# Material to process:
/---
(* Let $M\in\mathbb{R}^{n\times n}$ be a P$_s$-matrix all of whose entries are nonnegative, let $q\in\mathbb{R}^n$, and let $\theta:=\{i\in\{1,\dots,n\}:q_i<0\}$. If $|\theta|\le s$, then $\mathrm{sol}(M,q)\cap S$ is nonempty and contains exactly one element $x^*$ with $\mathrm{supp}(x^* )\subseteq\theta$.
   Context: A P$_s$-matrix is a square matrix all of whose principal minors of order up to $s$ are positive. $\mathrm{sol}(M,q)=\{x: x\ge0,\ Mx+q\ge0,\ \langle x,Mx+q\rangle=0\}$; $S=\{x\in\mathbb{R}^n:\|x\|_0\le s\}$ with $\|x\|_0$ the number of nonzero entries; $\mathrm{supp}(x)=\{i:x_i\ne0\}$. *)

theory Defs
  imports "HOL-Analysis.Analysis"
begin

definition principal_minor :: "real^'n^'n \<Rightarrow> 'n set \<Rightarrow> real" where
  "principal_minor M I =
     (\<Sum>p\<in>{p. p permutes I}. of_int (sign p) * (\<Prod>i\<in>I. M $ i $ p i))"

definition P_s_matrix :: "nat \<Rightarrow> real^'n^'n \<Rightarrow> bool" where
  "P_s_matrix s M \<longleftrightarrow>
     (\<forall>I::'n set. 0 < card I \<and> card I \<le> s \<longrightarrow> principal_minor M I > 0)"

definition lcp_sol :: "real^'n^'n \<Rightarrow> real^'n \<Rightarrow> (real^'n) set" where
  "lcp_sol M q = {x. (\<forall>i. 0 \<le> x $ i) \<and> (\<forall>i. 0 \<le> (M *v x + q) $ i)
                     \<and> x \<bullet> (M *v x + q) = 0}"

definition supp :: "real^'n \<Rightarrow> 'n set" where
  "supp x = {i. x $ i \<noteq> 0}"

definition sparse_set :: "nat \<Rightarrow> (real^'n) set" where
  "sparse_set s = {x. card (supp x) \<le> s}"

end

theory Submission
  imports Defs
begin

(* Existence needs only M >= 0 and M_ii > 0 for i in theta (the principal minors of order one):
   the projected Jacobi map x |-> max(0, x_j - (M x + q)_j / M_jj) sends a box into itself, and
   a Brouwer fixed point of it solves the LCP; nonnegativity of M forces its support into theta.
   For uniqueness, the difference d of two solutions supported in theta has at most s nonzero
   entries and satisfies d_i (M d)_i <= 0.  With the nonnegative weights l_i = -(M d)_i / d_i,
   d lies in the kernel of the principal submatrix of M + diag l on supp d; but shifting the
   diagonal by nonnegative amounts keeps principal minors positive (the minor is affine in each
   diagonal entry, with the smaller minor as slope), so d = 0. *)

definition diag_mat :: "real^'n \<Rightarrow> real^'n^'n" where
  "diag_mat l = (\<chi> i j. if i = j then l $ i else 0)"

lemma diag_mat_nth [simp]: "diag_mat l $ i $ j = (if i = j then l $ i else 0)"
  by (simp add: diag_mat_def)

lemma diag_mat_add: "diag_mat (l + m) = diag_mat l + diag_mat m"
  by (simp add: vec_eq_iff)

lemma diag_mat_mult_vec_nth [simp]: "(diag_mat l *v x) $ i = l $ i * x $ i"
  by (simp add: matrix_vector_mult_def if_distrib if_distribR cong: if_cong)

lemma principal_minor_cong:
  assumes "\<And>i j. i \<in> J \<Longrightarrow> j \<in> J \<Longrightarrow> A $ i $ j = B $ i $ j"
  shows "principal_minor A J = principal_minor B J"
  unfolding principal_minor_def
  by (intro sum.cong refl arg_cong2[where f="(*)"] prod.cong) (auto simp: assms permutes_in_image)

lemma principal_minor_empty [simp]: "principal_minor A {} = 1"
  by (simp add: principal_minor_def)

lemma principal_minor_singleton [simp]: "principal_minor A {i} = A $ i $ i"
  by (simp add: principal_minor_def)

lemma permutes_fixing_eq:
  assumes "a \<in> J"
  shows "{p. p permutes J \<and> p a = a} = {p. p permutes (J - {a})}"
proof safe
  fix p assume "p permutes J" "p a = a"
  then show "p permutes (J - {a})"
    by (auto intro: permutes_superset)
next
  fix p assume p: "p permutes (J - {a})"
  then show "p permutes J" by (rule permutes_subset) auto
  show "p a = a" using p by (rule permutes_not_in) simp
qed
\---
# Your goal:
Reproduce exactly the line containing "permutes J \<and>" and every line after it through the end of the records above, and nothing else.

# Answer below:
  shows "{p. p permutes J \<and> p a = a} = {p. p permutes (J - {a})}"
proof safe
  fix p assume "p permutes J" "p a = a"
  then show "p permutes (J - {a})"
    by (auto intro: permutes_superset)
next
  fix p assume p: "p permutes (J - {a})"
  then show "p permutes J" by (rule permutes_subset) auto
  show "p a = a" using p by (rule permutes_not_in) simp
qed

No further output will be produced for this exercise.